The website http://www.gokera.ch proposes a list of events in the French-speaking part of Switzerland. Its purpose is to recommend events for users taking into account the ratings of other events. In this project, we are interested only in event ratings and use a hybrid recommendation system based on two approaches which mixes the user similarity (collaborative filtering) and the decomposition of a product in features (content-based). In the case where we do not have user’s data, it is impossible to realize an efficient recommendation. This is the reason why we experiment with adding a social dimension, based on Facebook. The addition of this social dimension allowed us to get information on the user related with our features found during the event analysis process and this gave us the possibility to recommend events even if the rating history is empty. In a general way, the system works but has to be adjusted to run in a production environment, especially the text analysis.

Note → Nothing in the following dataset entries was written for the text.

(* Let $K\subset\mathbb{R}^2$ be the infinitely generated self-similar set defined in the context. Then $K$ has positive two-dimensional Lebesgue measure and empty interior. Moreover, for Lebesgue almost every $y\in[0,1]$ the horizontal fibre $K_y:=\{x\in\mathbb{R}:(x,y)\in K\}$ contains a nontrivial interval.
   Context: For $k\ge 0$ and $n\ge 1$ let $t_{k,n}:=\frac{1}{2^k n}$. Define the similarities of $\mathbb{R}^2$: $U(x,y)=\left(\frac{x}{2},\frac{y+1}{2}\right)$, $D_0(x,y)=\left(\frac{x}{2},\frac{y}{2}\right)$, and $D_{k,n}(x,y)=\left(\frac{x+t_{k,n}}{2},\frac{y}{2}\right)$ for $k\ge0,n\ge1$. Let $\Phi$ be this countable family. $K$ is the unique non-empty compact set $K\subset\mathbb{R}^2$ satisfying $K=U(K)\cup D_0(K)\cup\bigcup_{k\ge0,n\ge1}D_{k,n}(K)$. *)

theory Defs
  imports "HOL-Analysis.Analysis"
begin

definition tkn :: "nat \<Rightarrow> nat \<Rightarrow> real" where
  "tkn k n = 1 / (2 ^ k * real n)"

definition mapU :: "real \<times> real \<Rightarrow> real \<times> real" where
  "mapU p = (fst p / 2, (snd p + 1) / 2)"

definition mapD0 :: "real \<times> real \<Rightarrow> real \<times> real" where
  "mapD0 p = (fst p / 2, snd p / 2)"

definition mapD :: "nat \<Rightarrow> nat \<Rightarrow> real \<times> real \<Rightarrow> real \<times> real" where
  "mapD k n p = ((fst p + tkn k n) / 2, snd p / 2)"

definition hutch :: "(real \<times> real) set \<Rightarrow> (real \<times> real) set" where
  "hutch S = mapU ` S \<union> mapD0 ` S \<union> (\<Union>k. \<Union>n\<in>{1..}. mapD k n ` S)"

definition Kset :: "(real \<times> real) set" where
  "Kset = (THE K. compact K \<and> K \<noteq> {} \<and> K = hutch K)"

end

theory Submission
  imports Defs
begin

text \<open>
  Each map of the family is \<open>p \<mapsto> midpoint d p\<close> for a digit \<open>d \<in> (T \<times> {0}) \<union> {(0, 1)}\<close>,
  \<open>T = {0} \<union> {1/m | m \<ge> 1}\<close>, so \<open>K\<close> is the set of sums \<open>\<Sum>\<^sub>i 2^-(i+1) d\<^sub>i\<close> over digit sequences.

  If the height \<open>y\<close> of such a point lies just below a dyadic level \<open>(j+1)/2^m\<close>, its vertical
  digits \<open>m, \<dots>, m+n-1\<close> are \<open>1\<close>, hence its horizontal digits there are \<open>0\<close>, and \<open>x\<close> lies within
  \<open>2^-(m+n)\<close> of one of countably many points determined by the first \<open>m\<close> digits. A ball in \<open>K\<close>
  would thus force an interval into a countable set.

  For the fibres let \<open>H(y) = \<Sum>\<^sub>n 2^-z\<^sub>n(y)\<close>, where \<open>z\<^sub>n(y)\<close> counts the zeros among the first \<open>n\<close>
  binary digits of \<open>y\<close>, and \<open>w(y) = 2^(-1-H(y))\<close>. The region \<open>{(x, y). H(y) < \<infinity>, 0 \<le> x \<le> w(y)}\<close>
  is covered by its own images: above \<open>y = 1/2\<close> under the upper map, below it under a lower map
  whose offset \<open>1/M\<close> approximates \<open>2x\<close> to within \<open>(2x)\<^sup>2\<close>. So the region lies in \<open>K\<close>. Since
  \<open>\<integral>\<^sub>0\<^sup>1 2^-z\<^sub>n = (3/4)^n\<close>, \<open>H\<close> is finite almost everywhere, and Fubini gives positive measure.
\<close>

section \<open>The attractor as a set of digit expansions\<close>

definition offsets :: "real set" where
  "offsets = insert 0 (range (\<lambda>m::nat. 1 / real (Suc m)))"
text \<open>The half-balls around the points of a separated set are disjoint and lie in a slightly
  larger ball, which caps their number.\<close>
lemma separated_card_le:
  fixes M :: "'a::metric_space measure" and S :: "'a set"
  assumes sets_M: "sets M = sets borel"
    and upper: "emeasure M (cball y (R + 1/2)) \<le> ennreal C" and "C \<ge> 0"
    and lower: "\<And>x. emeasure M (cball x (1/2)) \<ge> ennreal c" and "c > 0"
    and "separated S" and K: "K \<subseteq> {s\<in>S. dist y s \<le> R}" "finite K"
  shows "c * card K \<le> C"
proof -
  have disj: "disjoint_family_on (\<lambda>s. cball s (1/2)) K"
    unfolding disjoint_family_on_def
  proof (intro ballI impI equals0I)
    fix s t z assume "s \<in> K" "t \<in> K" "s \<noteq> t" "z \<in> cball s (1/2) \<inter> cball t (1/2)"
    then have "dist s t > 1" "dist s z \<le> 1/2" "dist t z \<le> 1/2"
      using \<open>separated S\<close> K unfolding separated_def by auto
    then show False using dist_triangle[of s t z] dist_commute[of z t] by linarith
  qed
  have "ennreal (c * card K) = (\<Sum>s\<in>K. ennreal c)"
    using \<open>c > 0\<close> by (simp add: ennreal_mult ennreal_of_nat_eq_real_of_nat mult.commute)
  also have "\<dots> \<le> (\<Sum>s\<in>K. emeasure M (cball s (1/2)))"
    by (rule sum_mono) (rule lower)
  also have "\<dots> = emeasure M (\<Union>s\<in>K. cball s (1/2))"
    by (rule sum_emeasure[OF _ disj \<open>finite K\<close>]) (auto simp: sets_M)
  also have "\<dots> \<le> emeasure M (cball y (R + 1/2))"
  proof (rule emeasure_mono)
    show "(\<Union>s\<in>K. cball s (1/2)) \<subseteq> cball y (R + 1/2)"
    proof
      fix z assume "z \<in> (\<Union>s\<in>K. cball s (1/2))"
      then obtain s where "s \<in> K" "dist s z \<le> 1/2" by auto
      then show "z \<in> cball y (R + 1/2)" using K dist_triangle[of y z s] by auto
    qed
  qed (simp add: sets_M)
  also have "\<dots> \<le> ennreal C" by (rule upper)
  finally show ?thesis using ennreal_le_iff[OF \<open>C \<ge> 0\<close>] by blast
qed

lemma separated_locally_finite:
  fixes M :: "'a::metric_space measure" and S :: "'a set"
  assumes sets_M: "sets M = sets borel"
    and upper: "\<And>y. emeasure M (cball y (R + 1/2)) \<le> ennreal C" and "C \<ge> 0"
    and lower: "\<And>x. emeasure M (cball x (1/2)) \<ge> ennreal c" and "c > 0"
    and "separated S"
  shows "finite {s\<in>S. dist y s \<le> R}" "card {s\<in>S. dist y s \<le> R} \<le> nat \<lceil>C / c\<rceil>"
proof -
  have card_le: "card K \<le> nat \<lceil>C / c\<rceil>" if "K \<subseteq> {s\<in>S. dist y s \<le> R}" "finite K" for K
  proof -
    have "c * card K \<le> C"
      by (rule separated_card_le[OF sets_M upper[of y] \<open>C \<ge> 0\<close> lower \<open>c > 0\<close> \<open>separated S\<close> that])
    then have "card K \<le> C / c" using \<open>c > 0\<close> by (simp add: field_simps)
    then show ?thesis by linarith
  qed
  show fin: "finite {s\<in>S. dist y s \<le> R}"
  proof (rule ccontr)
    assume "infinite {s\<in>S. dist y s \<le> R}"
    then obtain K where "K \<subseteq> {s\<in>S. dist y s \<le> R}" "finite K" "card K = Suc (nat \<lceil>C / c\<rceil>)"
      using infinite_arbitrarily_large by blast
    then show False using card_le[of K] by simp
  qed
  show "card {s\<in>S. dist y s \<le> R} \<le> nat \<lceil>C / c\<rceil>" by (rule card_le[OF order.refl fin])
qed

Crawling event websites in order to have more information
The events available on Facebook didn't get often a good enough description. One solution to this problem was to visit all the pages of the specified website. We create a specific crawler for this task which analyses each page and creates indexes that will be used as features later.
Hybrid recommender system
The idea of collaborative filtering is to find other persons having similar tastes in order to propose to the user some similar products that might interest him. One weakness is that the user has to rate a lot of items in order to relevant neighbours. Another problem occurs when a new item is available: as long as nobody has rated it, it will be never recommended. The content-based filtering is focused on features of items which allows to define product similarity. One problem of this method is the over-specialization. In order to combine both advantages, we propose an hybrid recommender system where we combine the products rating of the user and all the features related as well as similar tastes of users.
Natural language processing
Analysing event description on Facebook as well as whole dedicated website is not a piece of cake. Lexicon, language detection, website analysis, n-gram, tokenization, lemmatization, features extraction vector space model (tf-idf) etc. were used in this project.